In order to solve the problem of speech synthesis, it is urgent to use a kind of parameter TTS, in this text-speech system, all the information needed to generate data is stored in the parameter of the model, and the content and speech feature conveyed by voice can be controlled by the input information of the model. However, the current parameter (parametric) TTS model generates sounds that are not as natural as the voice generated by the stitching (concatenative) TTS model, which appears at least in syllable languages such as English. The existing parametric model usually uses the signal processing algorithm vocoders to compute the obtained output information to generate the audio signal.

WaveNet to change this paradigm by modeling the original waveform of the audio signal and modeling an audio sample one at a time. As with generating voice that sounds more natural, using the original waveform means that wavenet can model any type of audio, including music. wavenet

Researchers usually avoid modeling the original audio because the original audio often changes instantaneously: Typically, 16,000 or more audio samples appear per second, and important structures appear in many time scales. It is obvious that building a fully automated regression model is a challenging task, in which the predictions for each audio sample are influenced by all previous audio samples (each predictive distribution, statistically speaking, is based on all previous observations), in this model.

However, the PIXELRNN and PIXELCNN models we have published this year show that it is possible to generate complex natural images in one pixel at a time, or even each color channel at a time, which will require thousands of predictions for each image.
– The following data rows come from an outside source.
(* Let $G^\sigma$ be a lower-optimal oriented graph, let $y$ be a pendant vertex of $G$ with neighbor $x$, and let $H^\sigma=G^\sigma-y-x$. Then (i) $x$ does not lie on any cycle of $G$; (ii) $H^\sigma$ is lower-optimal.
   Context: An oriented graph $G^\sigma$ is obtained from a simple graph $G$ by assigning a direction to each edge. Its skew-adjacency matrix $S(G^\sigma)=[s_{x,y}]$ has $s_{x,y}=1$ if there is an arc from $x$ to $y$, $s_{x,y}=-1$ if there is an arc from $y$ to $x$, and $0$ otherwise; $sr(G^\sigma)$ is the rank of $S(G^\sigma)$. $\alpha(\cdot)$ is the independence number of the underlying graph. $d(G)=|E_G|-|V_G|+\omega(G)$, with $\omega(G)$ the number of components. For every oriented graph one has $sr(G^\sigma)+2\alpha(G)\geqslant 2|V_G|-2d(G)$, and $G^\sigma$ is called lower-optimal if equality holds. A pendant vertex has degree one. *)

theory Defs
  imports "Jordan_Normal_Form.DL_Rank"
begin

definition oriented_graph :: "'a set \<Rightarrow> ('a \<times> 'a) set \<Rightarrow> bool" where
  "oriented_graph V A \<longleftrightarrow> finite V \<and> A \<subseteq> V \<times> V \<and>
     (\<forall>u. (u,u) \<notin> A) \<and> (\<forall>u v. (u,v) \<in> A \<longrightarrow> (v,u) \<notin> A)"

definition adj :: "('a \<times> 'a) set \<Rightarrow> 'a \<Rightarrow> 'a \<Rightarrow> bool" where
  "adj A u v \<longleftrightarrow> (u,v) \<in> A \<or> (v,u) \<in> A"

definition degree :: "'a set \<Rightarrow> ('a \<times> 'a) set \<Rightarrow> 'a \<Rightarrow> nat" where
  "degree V A u = card {v \<in> V. adj A u v}"

definition pendant :: "'a set \<Rightarrow> ('a \<times> 'a) set \<Rightarrow> 'a \<Rightarrow> bool" where
  "pendant V A u \<longleftrightarrow> u \<in> V \<and> degree V A u = 1"

definition skew_entry :: "('a \<times> 'a) set \<Rightarrow> 'a \<Rightarrow> 'a \<Rightarrow> real" where
  "skew_entry A u v = (if (u,v) \<in> A then 1 else if (v,u) \<in> A then -1 else 0)"

definition skew_adj_mat :: "'a::linorder set \<Rightarrow> ('a \<times> 'a) set \<Rightarrow> real mat" where
  "skew_adj_mat V A = mat (card V) (card V)
     (\<lambda>(i,j). skew_entry A (sorted_list_of_set V ! i) (sorted_list_of_set V ! j))"

definition skew_rank :: "'a::linorder set \<Rightarrow> ('a \<times> 'a) set \<Rightarrow> nat" where
  "skew_rank V A = vec_space.rank (card V) (skew_adj_mat V A)"

definition independent_set :: "'a set \<Rightarrow> ('a \<times> 'a) set \<Rightarrow> 'a set \<Rightarrow> bool" where
  "independent_set V A S \<longleftrightarrow> S \<subseteq> V \<and> (\<forall>u\<in>S. \<forall>v\<in>S. \<not> adj A u v)"

definition independence_number :: "'a set \<Rightarrow> ('a \<times> 'a) set \<Rightarrow> nat" where
  "independence_number V A = Max (card ` {S. independent_set V A S})"

definition edges :: "('a \<times> 'a) set \<Rightarrow> 'a set set" where
  "edges A = {{u, v} | u v. (u,v) \<in> A}"

definition connected_in :: "'a set \<Rightarrow> ('a \<times> 'a) set \<Rightarrow> 'a \<Rightarrow> 'a \<Rightarrow> bool" where
  "connected_in V A = (\<lambda>u v. u \<in> V \<and> v \<in> V \<and> adj A u v)\<^sup>*\<^sup>*"

definition num_components :: "'a set \<Rightarrow> ('a \<times> 'a) set \<Rightarrow> nat" where
  "num_components V A = card (V // {(u,v). u \<in> V \<and> v \<in> V \<and> connected_in V A u v})"

definition dim_d :: "'a set \<Rightarrow> ('a \<times> 'a) set \<Rightarrow> int" where
  "dim_d V A = int (card (edges A)) - int (card V) + int (num_components V A)"

definition lower_optimal :: "'a::linorder set \<Rightarrow> ('a \<times> 'a) set \<Rightarrow> bool" where
  "lower_optimal V A \<longleftrightarrow>
     int (skew_rank V A) + 2 * int (independence_number V A) = 2 * int (card V) - 2 * dim_d V A"

definition on_cycle :: "'a set \<Rightarrow> ('a \<times> 'a) set \<Rightarrow> 'a \<Rightarrow> bool" where
  "on_cycle V A x \<longleftrightarrow> (\<exists>cs. length cs \<ge> 3 \<and> distinct cs \<and> set cs \<subseteq> V \<and> x \<in> set cs \<and>
      (\<forall>i < length cs. adj A (cs ! i) (cs ! ((i + 1) mod length cs))))"

definition del_verts_arcs :: "'a set \<Rightarrow> ('a \<times> 'a) set \<Rightarrow> 'a set \<Rightarrow> ('a \<times> 'a) set" where
  "del_verts_arcs V A D = A \<inter> ((V - D) \<times> (V - D))"

end

theory Submission
  imports Defs
begin

(*
  Write H = G - y - x and call sr + 2\<alpha> - 2|V| + 2d the excess of an oriented graph.
  Deleting the pendant edge yx lowers sr by at least 2 (row y of the skew-adjacency matrix
  isolates column x, then row x isolates column y), lowers \<alpha> by at least 1 (y extends any
  independent set of H), lowers |V| by exactly 2 and does not raise d.  Hence
  excess H + 2 (d G - d H) \<le> excess G.  The excess is nonnegative for every oriented graph:
  a longest path shows that some vertex is isolated, pendant or on a cycle, and deleting it
  (with its neighbour, if pendant) does not raise the excess.  So excess G = 0 forces
  excess H = 0 and d H = d G, while a cycle through x would make d drop when x is deleted.
*)

lemma adj_commute: "adj A u v \<longleftrightarrow> adj A v u"
  unfolding adj_def by auto

lemma oriented_graph_adjD:
  "oriented_graph V A \<Longrightarrow> adj A u v \<Longrightarrow> u \<in> V \<and> v \<in> V \<and> u \<noteq> v"
  unfolding oriented_graph_def adj_def by auto

lemma oriented_graph_del_verts:
  "oriented_graph V A \<Longrightarrow> oriented_graph (V - D) (del_verts_arcs V A D)"
  unfolding oriented_graph_def del_verts_arcs_def by auto

lemma adj_del_verts_arcs:
  "oriented_graph V A \<Longrightarrow>
     adj (del_verts_arcs V A D) u v \<longleftrightarrow> adj A u v \<and> u \<in> V - D \<and> v \<in> V - D"
  unfolding oriented_graph_def del_verts_arcs_def adj_def by auto

lemma pendant_neighbour_unique:
  assumes "oriented_graph V A" and "pendant V A y" and "adj A y x" and "adj A y u"
  shows "u = x"
proof -
  have "card {w \<in> V. adj A y w} = 1" using assms(2) unfolding pendant_def degree_def by simp
  then obtain z where z: "{w \<in> V. adj A y w} = {z}" by (rule card_1_singletonE)
  moreover have "x \<in> {w \<in> V. adj A y w}" "u \<in> {w \<in> V. adj A y w}"
    using assms(3,4) oriented_graph_adjD[OF assms(1)] by simp_all
  ultimately show ?thesis by simp
qed

section \<open>Components and the cyclomatic number d\<close>

definition component_rel :: "'a set \<Rightarrow> ('a \<times> 'a) set \<Rightarrow> ('a \<times> 'a) set" where
  "component_rel V A = {(u,v). u \<in> V \<and> v \<in> V \<and> connected_in V A u v}"

lemma connected_in_sym:
  assumes "connected_in V A u v"
  shows "connected_in V A v u"
proof -
  let ?r = "\<lambda>a b. a \<in> V \<and> b \<in> V \<and> adj A a b"
  have sym: "?r\<inverse>\<inverse> = ?r"
    by (auto simp: fun_eq_iff adj_def)
  have "(?r\<inverse>\<inverse>)\<^sup>*\<^sup>* v u"
    using assms unfolding connected_in_def by (rule rtranclp_converseI)
  then show ?thesis
    unfolding connected_in_def sym .
qed

lemma equiv_component_rel: "equiv V (component_rel V A)"
proof (rule equivI)
  show "component_rel V A \<subseteq> V \<times> V"
    unfolding component_rel_def by auto
  show "refl_on V (component_rel V A)"
    unfolding refl_on_def component_rel_def connected_in_def by auto
  show "sym (component_rel V A)"
    unfolding sym_def component_rel_def by (auto intro: connected_in_sym)
  show "trans (component_rel V A)"
    unfolding trans_def component_rel_def connected_in_def by (auto intro: rtranclp_trans)
qed

lemma num_components_eq_card_quotient: "num_components V A = card (V // component_rel V A)"
  unfolding num_components_def component_rel_def by simp

lemma connected_in_walk:
  assumes "\<And>i. i < k \<Longrightarrow> f i \<in> W \<and> f (Suc i) \<in> W \<and> adj B (f i) (f (Suc i))"
  shows "connected_in W B (f 0) (f k)"
  using assms unfolding connected_in_def
  by (induction k) (auto intro: rtranclp.rtrancl_into_rtrancl)

lemma connected_in_del_verts_imp:
  assumes "oriented_graph V A" and "connected_in (V - D) (del_verts_arcs V A D) u w"
  shows "connected_in V A u w"
  using assms(2) unfolding connected_in_def
  by (rule mono_rtranclp[rule_format, rotated]) (auto simp: adj_del_verts_arcs[OF assms(1)])

lemma connected_in_del_vertex_step:
  assumes "oriented_graph V A" and "connected_in (V - {v}) (del_verts_arcs V A {v}) u w"
    and "adj A w z" and "w \<noteq> v" and "z \<noteq> v"
  shows "connected_in (V - {v}) (del_verts_arcs V A {v}) u z"
  using assms oriented_graph_adjD[OF assms(1,3)] unfolding connected_in_def
  by (auto intro: rtranclp.rtrancl_into_rtrancl simp: adj_del_verts_arcs[OF assms(1)])

lemma connected_in_del_vertex_cases:
  assumes og: "oriented_graph V A" and "connected_in V A u w" and u: "u \<in> V - {v}"
  shows "(w \<noteq> v \<and> connected_in (V - {v}) (del_verts_arcs V A {v}) u w) \<or>
         (\<exists>n. adj A v n \<and> connected_in (V - {v}) (del_verts_arcs V A {v}) u n)"
proof -
  have "(\<lambda>a b. a \<in> V \<and> b \<in> V \<and> adj A a b)\<^sup>*\<^sup>* u w"
    using assms(2) unfolding connected_in_def .
  then show ?thesis
  proof (induction rule: rtranclp_induct)
    case base
    then show ?case using u by (simp add: connected_in_def)
  next
    case (step z z')
    then have zz': "adj A z z'" by simp
    from step.IH show ?case
    proof (elim disjE conjE)
      assume z: "z \<noteq> v" and uz: "connected_in (V - {v}) (del_verts_arcs V A {v}) u z"
      show ?thesis
      proof (cases "z' = v")
        case True
        then show ?thesis using zz' uz adj_commute by metis
      next
        case False
        then show ?thesis using connected_in_del_vertex_step[OF og uz zz' z] by blast
      qed
    qed (rule disjI2)
  qed
qed

lemma component_del_vertex_eq:
  assumes og: "oriented_graph V A" and c: "c \<in> V - {v}"
    and isolated: "\<And>n. adj A v n \<Longrightarrow> \<not> connected_in (V - {v}) (del_verts_arcs V A {v}) c n"
  shows "component_rel V A `` {c} = component_rel (V - {v}) (del_verts_arcs V A {v}) `` {c}"
proof -
  have "w \<noteq> v \<and> connected_in (V - {v}) (del_verts_arcs V A {v}) c w" if "connected_in V A c w" for w
    using connected_in_del_vertex_cases[OF og that c] isolated by blast
  moreover have "connected_in V A c w" if "connected_in (V - {v}) (del_verts_arcs V A {v}) c w" for w
    using connected_in_del_verts_imp[OF og that] .
  ultimately show ?thesis
    using c unfolding component_rel_def by fast
qed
This also inspires us to transform the original two-dimensional pixelnets into a one-dimensional wavenet.

The above animation shows the internal structure of a wavenet model, usually a complete convolution neural network, with various expansion factors in the convolution layer, allowing the depth of the accepted domain to multiply and cover thousands of time steps.

In the training time period, the input sequence is the real waveform which is recorded from human speaker. After training, we can sample the network to generate synthetic discourse. In each step of sampling, a value is extracted from the probability distribution computed by the network. The extracted values are then fed back into the input information, thus completing the next new forecast. As such, sampling each time you make a forecast increases the cost of computing, but we have found that this sampling method is critical to generating complex and sound audio. improve the optimal text-Speech conversion model

We have used some of Google's TTS datasets to train wavenet to evaluate the performance of wavenet. The following figure shows the quality of the wavenets on the ruler (1-5) compared to the current optimal TTS system (parametric TTS and splicing TTS) and the mean Opinion Scores (MOS: Method for evaluating the quality of voice communication systems). MOS is a standard method for the measurement of subjective speech quality and blind test in the crowd. We can see that the gap between the wavenets of the optimal model generation and the human natural voice (US English and Mandarin) has decreased by more than 50%.

In terms of Chinese and English, Google's current TTS system is considered to be the optimal text-speech system worldwide, so a single model to improve the quality of Chinese and English speech will be a major achievement.

The Church WaveNet said it meant something.

In order to realize the use of wavenet to convert text into speech, we have to tell wavenet what the text is. We complete this process by converting the text into language and phonetic features (including phonemes, syllables, words, etc.) and providing the transformed features to WaveNet. This means that the network's predictive steps are based not only on the previously obtained audio samples, but also on what the text conveys.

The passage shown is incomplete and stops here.